Companies on the Cutting-Edge of Antibiotic Discovery (Tech-enabled)
The looming health crisis; notoriously 'unwanted' business; recent (cool) breakthroughs in antibiotics; how tech may help revive the lost art of antibiotics discovery; NOT MEDICAL ADVICE.
Hi! I am Andrii Buvailo, and this is my weekly newsletter, ‘Where Tech Meets Bio,’ where I talk about technologies, breakthroughs, and great companies moving the industry forward.

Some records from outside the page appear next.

(* Let $\rho$ be a bi-invariant pseudometric on $\mathrm{Ham}(M,\Omega)$ and let $A\subset M$ be a nonempty open subset. Then for all $\phi,\psi\in\mathrm{Ham}(M,\Omega)$ with $\operatorname{supp}\phi\subset A$ and $\operatorname{supp}\psi\subset A$, $$e(A)\ \ge\ \tfrac14\,\rho(\mathrm{id},[\phi,\psi]),\qquad [\phi,\psi]:=\psi^{-1}\phi^{-1}\psi\phi .$$
   Context: $(M,\Omega)$ is a connected symplectic manifold without boundary and $\mathrm{Ham}(M,\Omega)$ is its group of (compactly supported) Hamiltonian diffeomorphisms, i.e. time-one maps of flows of time-dependent normalized Hamiltonians. A bi-invariant pseudometric is a function $\rho$ on $\mathrm{Ham}\times\mathrm{Ham}$ which is nonnegative, symmetric, vanishes on the diagonal, satisfies the triangle inequality, and satisfies $\rho(\phi,\psi)=\rho(\phi\theta,\psi\theta)=\rho(\theta\phi,\theta\psi)$ for all $\phi,\psi,\theta$ (it need not separate points). The support $\operatorname{supp}\phi$ is the closure of $\{x:\phi(x)\neq x\}$. The displacement energy of a subset $A$ is $e(A)=\inf\{\rho(\mathrm{id},f): f\in\mathrm{Ham}(M,\Omega),\ f(A)\cap A=\emptyset\}$, with $\inf\emptyset=+\infty$. *)

theory Defs
  imports "HOL-Analysis.Analysis"
begin

definition supp :: "('a::topological_space \<Rightarrow> 'a) \<Rightarrow> 'a set" where
  "supp \<phi> = closure {x. \<phi> x \<noteq> x}"

text \<open>H is a group (under composition) of homeomorphisms of the space.
  This is the abstract structure of Ham(M,Omega) used by the statement.\<close>
definition homeo_group :: "('a::topological_space \<Rightarrow> 'a) set \<Rightarrow> bool" where
  "homeo_group H \<longleftrightarrow>
     id \<in> H \<and>
     (\<forall>f\<in>H. \<forall>g\<in>H. f \<circ> g \<in> H) \<and>
     (\<forall>f\<in>H. inv f \<in> H) \<and>
     (\<forall>f\<in>H. bij f \<and> continuous_on UNIV f \<and> continuous_on UNIV (inv f))"

definition bi_invariant_pseudometric ::
    "('a \<Rightarrow> 'a) set \<Rightarrow> (('a \<Rightarrow> 'a) \<Rightarrow> ('a \<Rightarrow> 'a) \<Rightarrow> real) \<Rightarrow> bool" where
  "bi_invariant_pseudometric H \<rho> \<longleftrightarrow>
     (\<forall>\<phi>\<in>H. \<forall>\<psi>\<in>H. \<rho> \<phi> \<psi> \<ge> 0) \<and>
     (\<forall>\<phi>\<in>H. \<forall>\<psi>\<in>H. \<rho> \<phi> \<psi> = \<rho> \<psi> \<phi>) \<and>
     (\<forall>\<phi>\<in>H. \<rho> \<phi> \<phi> = 0) \<and>
     (\<forall>\<phi>\<in>H. \<forall>\<psi>\<in>H. \<forall>\<xi>\<in>H. \<rho> \<phi> \<xi> \<le> \<rho> \<phi> \<psi> + \<rho> \<psi> \<xi>) \<and>
     (\<forall>\<phi>\<in>H. \<forall>\<psi>\<in>H. \<forall>\<theta>\<in>H.
        \<rho> \<phi> \<psi> = \<rho> (\<phi> \<circ> \<theta>) (\<psi> \<circ> \<theta>) \<and> \<rho> \<phi> \<psi> = \<rho> (\<theta> \<circ> \<phi>) (\<theta> \<circ> \<psi>))"

text \<open>Displacement energy, valued in the extended reals so that Inf {} = +infinity.\<close>
definition displacement_energy ::
    "('a \<Rightarrow> 'a) set \<Rightarrow> (('a \<Rightarrow> 'a) \<Rightarrow> ('a \<Rightarrow> 'a) \<Rightarrow> real) \<Rightarrow> 'a set \<Rightarrow> ereal" where
  "displacement_energy H \<rho> A = Inf {ereal (\<rho> id f) | f. f \<in> H \<and> f ` A \<inter> A = {}}"

definition commutator :: "('a \<Rightarrow> 'a) \<Rightarrow> ('a \<Rightarrow> 'a) \<Rightarrow> ('a \<Rightarrow> 'a)" where
  "commutator \<phi> \<psi> = inv \<psi> \<circ> inv \<phi> \<circ> \<psi> \<circ> \<phi>"

end

theory Submission
  imports Defs
begin

text \<open>If \<open>f\<close> displaces \<open>A\<close>, then \<open>g = f \<phi> f\<^sup>-\<^sup>1\<close> is supported in \<open>f(A)\<close>, away from \<open>A\<close>,
  so \<open>g\<close> commutes with \<open>\<psi>\<close>. Bi-invariance gives \<open>\<rho>(\<phi>, g) \<le> \<rho>(id, f) + \<rho>(id, f\<^sup>-\<^sup>1) = 2 \<rho>(id, f)\<close>
  and \<open>\<rho>(id, [\<phi>,\<psi>]) = \<rho>(\<phi>\<psi>, \<psi>\<phi>) \<le> \<rho>(\<phi>\<psi>, g\<psi>) + \<rho>(\<psi>g, \<psi>\<phi>) = 2 \<rho>(\<phi>, g)\<close>.
  Taking the infimum over all displacing \<open>f\<close> gives the bound.\<close>

lemma fixed_outside_supp: "x \<notin> supp \<phi> \<Longrightarrow> \<phi> x = x"
  using closure_subset[of "{x. \<phi> x \<noteq> x}"] unfolding supp_def by auto

lemma inj_fixing_set_preserves_complement:
  assumes "inj g" and "\<And>x. x \<in> A \<Longrightarrow> g x = x" and "x \<notin> A"
  shows "g x \<notin> A"
proof
  assume "g x \<in> A"
  then have "g (g x) = g x" by (rule assms(2))
  then have "g x = x" by (rule injD[OF assms(1)])
  with \<open>g x \<in> A\<close> \<open>x \<notin> A\<close> show False by simp
qed

lemma commute_if_disjoint_moved_sets:
  assumes "inj f" "inj g"
    and f_fixed: "\<And>x. x \<notin> A \<Longrightarrow> f x = x"
    and g_fixed: "\<And>x. x \<in> A \<Longrightarrow> g x = x"
  shows "f \<circ> g = g \<circ> f"
proof
  fix x
  show "(f \<circ> g) x = (g \<circ> f) x"
  proof (cases "x \<in> A")
    case True
    have "f x \<notin> - A"
      by (rule inj_fixing_set_preserves_complement[OF assms(1)]) (use f_fixed True in auto)
    then show ?thesis using True g_fixed by simp
  next
    case False
    then have "g x \<notin> A"
      using inj_fixing_set_preserves_complement[OF assms(2) g_fixed] by blast
    then show ?thesis using False f_fixed by simp
  qed
qed

lemma conjugate_fixes_displaced_set:
  assumes "surj f" and displaces: "f ` A \<inter> A = {}"
    and \<phi>_fixed: "\<And>x. x \<notin> A \<Longrightarrow> \<phi> x = x" and "y \<in> A"
  shows "(f \<circ> \<phi> \<circ> inv f) y = y"
proof -
  have f_inv: "f (inv f y) = y" using assms(1) by (simp add: surj_f_inv_f)
  with displaces \<open>y \<in> A\<close> have "inv f y \<notin> A" by (metis IntI emptyE imageI)
  then show ?thesis using \<phi>_fixed f_inv by simp
qed

locale bi_invariant_group =
  fixes H :: "('a::topological_space \<Rightarrow> 'a) set"
    and \<rho> :: "('a \<Rightarrow> 'a) \<Rightarrow> ('a \<Rightarrow> 'a) \<Rightarrow> real"
  assumes group: "homeo_group H"
    and pseudometric: "bi_invariant_pseudometric H \<rho>"
begin

lemma id_in: "id \<in> H"
  and comp_in: "f \<in> H \<Longrightarrow> g \<in> H \<Longrightarrow> f \<circ> g \<in> H"
  and inv_in: "f \<in> H \<Longrightarrow> inv f \<in> H"
  and bij: "f \<in> H \<Longrightarrow> bij f"
  using group unfolding homeo_group_def by auto

lemma comp_inv_cancel:
  assumes "f \<in> H"
  shows "f \<circ> inv f = id"
  using bij_is_surj[OF bij[OF assms]] by (simp add: surj_iff)

lemma dist_sym: "f \<in> H \<Longrightarrow> g \<in> H \<Longrightarrow> \<rho> f g = \<rho> g f"
  and dist_triangle: "f \<in> H \<Longrightarrow> g \<in> H \<Longrightarrow> h \<in> H \<Longrightarrow> \<rho> f h \<le> \<rho> f g + \<rho> g h"
  and dist_right_invariant: "f \<in> H \<Longrightarrow> g \<in> H \<Longrightarrow> h \<in> H \<Longrightarrow> \<rho> (f \<circ> h) (g \<circ> h) = \<rho> f g"
  and dist_left_invariant: "f \<in> H \<Longrightarrow> g \<in> H \<Longrightarrow> h \<in> H \<Longrightarrow> \<rho> (h \<circ> f) (h \<circ> g) = \<rho> f g"
  using pseudometric unfolding bi_invariant_pseudometric_def by metis+

lemma dist_id_inv:
  assumes "f \<in> H"
  shows "\<rho> id (inv f) = \<rho> id f"
proof -
  have "\<rho> id (inv f) = \<rho> (f \<circ> id) (f \<circ> inv f)"
    using assms by (intro dist_left_invariant[symmetric] id_in inv_in)
  also have "\<dots> = \<rho> id f"
    using assms by (simp add: comp_inv_cancel dist_sym[OF assms id_in])
  finally show ?thesis .
qed

lemma dist_conjugate_le:
  assumes "f \<in> H" "\<phi> \<in> H"
  shows "\<rho> \<phi> (f \<circ> \<phi> \<circ> inv f) \<le> 2 * \<rho> id f"
proof -
  have "\<rho> \<phi> (f \<circ> \<phi> \<circ> inv f) \<le> \<rho> \<phi> (f \<circ> \<phi>) + \<rho> (f \<circ> \<phi>) (f \<circ> \<phi> \<circ> inv f)"
    using assms by (intro dist_triangle comp_in inv_in)
  also have "\<rho> \<phi> (f \<circ> \<phi>) = \<rho> (id \<circ> \<phi>) (f \<circ> \<phi>)"
    by simp
  also have "\<dots> = \<rho> id f"
    using assms by (intro dist_right_invariant id_in)
  also have "\<rho> (f \<circ> \<phi>) (f \<circ> \<phi> \<circ> inv f) = \<rho> (f \<circ> \<phi> \<circ> id) (f \<circ> \<phi> \<circ> inv f)"
    by simp
  also have "\<dots> = \<rho> id (inv f)"
    using assms by (intro dist_left_invariant id_in comp_in inv_in)
  also have "\<dots> = \<rho> id f"
    using assms(1) by (rule dist_id_inv)
  finally show ?thesis by linarith
qed

lemma dist_id_commutator:
  assumes "\<phi> \<in> H" "\<psi> \<in> H"
  shows "\<rho> id (commutator \<phi> \<psi>) = \<rho> (\<phi> \<circ> \<psi>) (\<psi> \<circ> \<phi>)"
proof -
  have "\<phi> \<circ> \<psi> \<circ> commutator \<phi> \<psi> = (\<phi> \<circ> (\<psi> \<circ> inv \<psi>) \<circ> inv \<phi>) \<circ> \<psi> \<circ> \<phi>"
    unfolding commutator_def by (simp add: o_assoc)
  also have "\<dots> = \<psi> \<circ> \<phi>"
    using assms by (simp add: comp_inv_cancel)
  finally have cancel: "\<phi> \<circ> \<psi> \<circ> commutator \<phi> \<psi> = \<psi> \<circ> \<phi>" .
  have "\<rho> id (commutator \<phi> \<psi>) = \<rho> (\<phi> \<circ> \<psi> \<circ> id) (\<phi> \<circ> \<psi> \<circ> commutator \<phi> \<psi>)"
    using assms unfolding commutator_def
    by (intro dist_left_invariant[symmetric] id_in comp_in inv_in)
  then show ?thesis
    by (simp only: cancel comp_id)
qed

lemma dist_id_commutator_le:
  assumes "\<phi> \<in> H" "\<psi> \<in> H" "g \<in> H" and commute: "\<psi> \<circ> g = g \<circ> \<psi>"
  shows "\<rho> id (commutator \<phi> \<psi>) \<le> 2 * \<rho> \<phi> g"
proof -
  have "\<rho> id (commutator \<phi> \<psi>) = \<rho> (\<phi> \<circ> \<psi>) (\<psi> \<circ> \<phi>)"
    using assms(1,2) by (rule dist_id_commutator)
  also have "\<dots> \<le> \<rho> (\<phi> \<circ> \<psi>) (g \<circ> \<psi>) + \<rho> (g \<circ> \<psi>) (\<psi> \<circ> \<phi>)"
    using assms by (intro dist_triangle comp_in)
  also have "\<rho> (\<phi> \<circ> \<psi>) (g \<circ> \<psi>) = \<rho> \<phi> g"
    using assms by (intro dist_right_invariant)
  also have "\<rho> (g \<circ> \<psi>) (\<psi> \<circ> \<phi>) = \<rho> g \<phi>"
    unfolding commute[symmetric] using assms by (intro dist_left_invariant)
  also have "\<rho> g \<phi> = \<rho> \<phi> g"
    using assms by (intro dist_sym)
  finally show ?thesis by linarith
qed

end

theorem lemma2p4:
  fixes H :: "('a::topological_space \<Rightarrow> 'a) set"
    and \<rho> :: "('a \<Rightarrow> 'a) \<Rightarrow> ('a \<Rightarrow> 'a) \<Rightarrow> real"
    and A :: "'a set"
  assumes "homeo_group H"
    and "bi_invariant_pseudometric H \<rho>"
    and "open A" and "A \<noteq> {}"
    and "\<phi> \<in> H" and "\<psi> \<in> H"
    and "supp \<phi> \<subseteq> A" and "supp \<psi> \<subseteq> A"
  shows "displacement_energy H \<rho> A \<ge> ereal (\<rho> id (commutator \<phi> \<psi>) / 4)"
  unfolding displacement_energy_def
proof (rule Inf_greatest, clarify)
  interpret bi_invariant_group H \<rho> by (rule bi_invariant_group.intro) (fact assms)+
  fix f assume "f \<in> H" and displaces: "f ` A \<inter> A = {}"
  define g where "g = f \<circ> \<phi> \<circ> inv f"
  have "g \<in> H" unfolding g_def using \<open>f \<in> H\<close> assms(5) by (intro comp_in inv_in)
  have "\<psi> \<circ> g = g \<circ> \<psi>"
  proof (rule commute_if_disjoint_moved_sets)
    show "inj \<psi>" "inj g" using bij[OF \<open>\<psi> \<in> H\<close>] bij[OF \<open>g \<in> H\<close>] by (simp_all add: bij_is_inj)
    show "\<psi> x = x" if "x \<notin> A" for x using that assms(8) fixed_outside_supp by blast
    have \<phi>_fixed: "\<phi> x = x" if "x \<notin> A" for x using that assms(7) fixed_outside_supp by blast
    have "surj f" using bij[OF \<open>f \<in> H\<close>] by (rule bij_is_surj)
    show "g x = x" if "x \<in> A" for x
      unfolding g_def by (rule conjugate_fixes_displaced_set[OF \<open>surj f\<close> displaces \<phi>_fixed that])
  qed
  then have "\<rho> id (commutator \<phi> \<psi>) \<le> 2 * \<rho> \<phi> g"
    by (rule dist_id_commutator_le[OF assms(5,6) \<open>g \<in> H\<close>])
  also have "\<dots> \<le> 4 * \<rho> id f"
    using dist_conjugate_le[OF \<open>f \<in> H\<close> assms(5)] unfolding g_def by simp
  finally show "ereal (\<rho> id (commutator \<phi> \<psi>) / 4) \<le> ereal (\<rho> id f)" by simp
qed

end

If you've received it, then you either subscribed or someone forwarded it to you. If the latter is the case, subscribe by pressing this button:
Now, let’s get to this week’s topics!
Since the revolutionary discovery of penicillin in 1928 by Scottish bacteriologist and Nobel laureate Alexander Fleming, numerous inventions of new antibiotic classes have followed. A cascade of discoveries over decades pushed the limits of medicine in its ability to fight deadly infections—those that used to kill millions of people in the previous centuries.
A "silent pandemic"
According to the statistics from The Center of Disease Control and Prevention in the United States (the CDC), around 2.8 million people get infected by antibiotic-resistant illnesses in America each year, of whom around 35,000 die each year because antibiotics simply don’t work as they used to in the not-so-distant past. According to another source, drug-resistant diseases kill around 700,000 people each year globally, but a United Nations interagency group on antimicrobial resistance estimates that this could swell to 10 million a year by 2050 if no action is taken. This is more than the number of people who currently die from cancer worldwide every year.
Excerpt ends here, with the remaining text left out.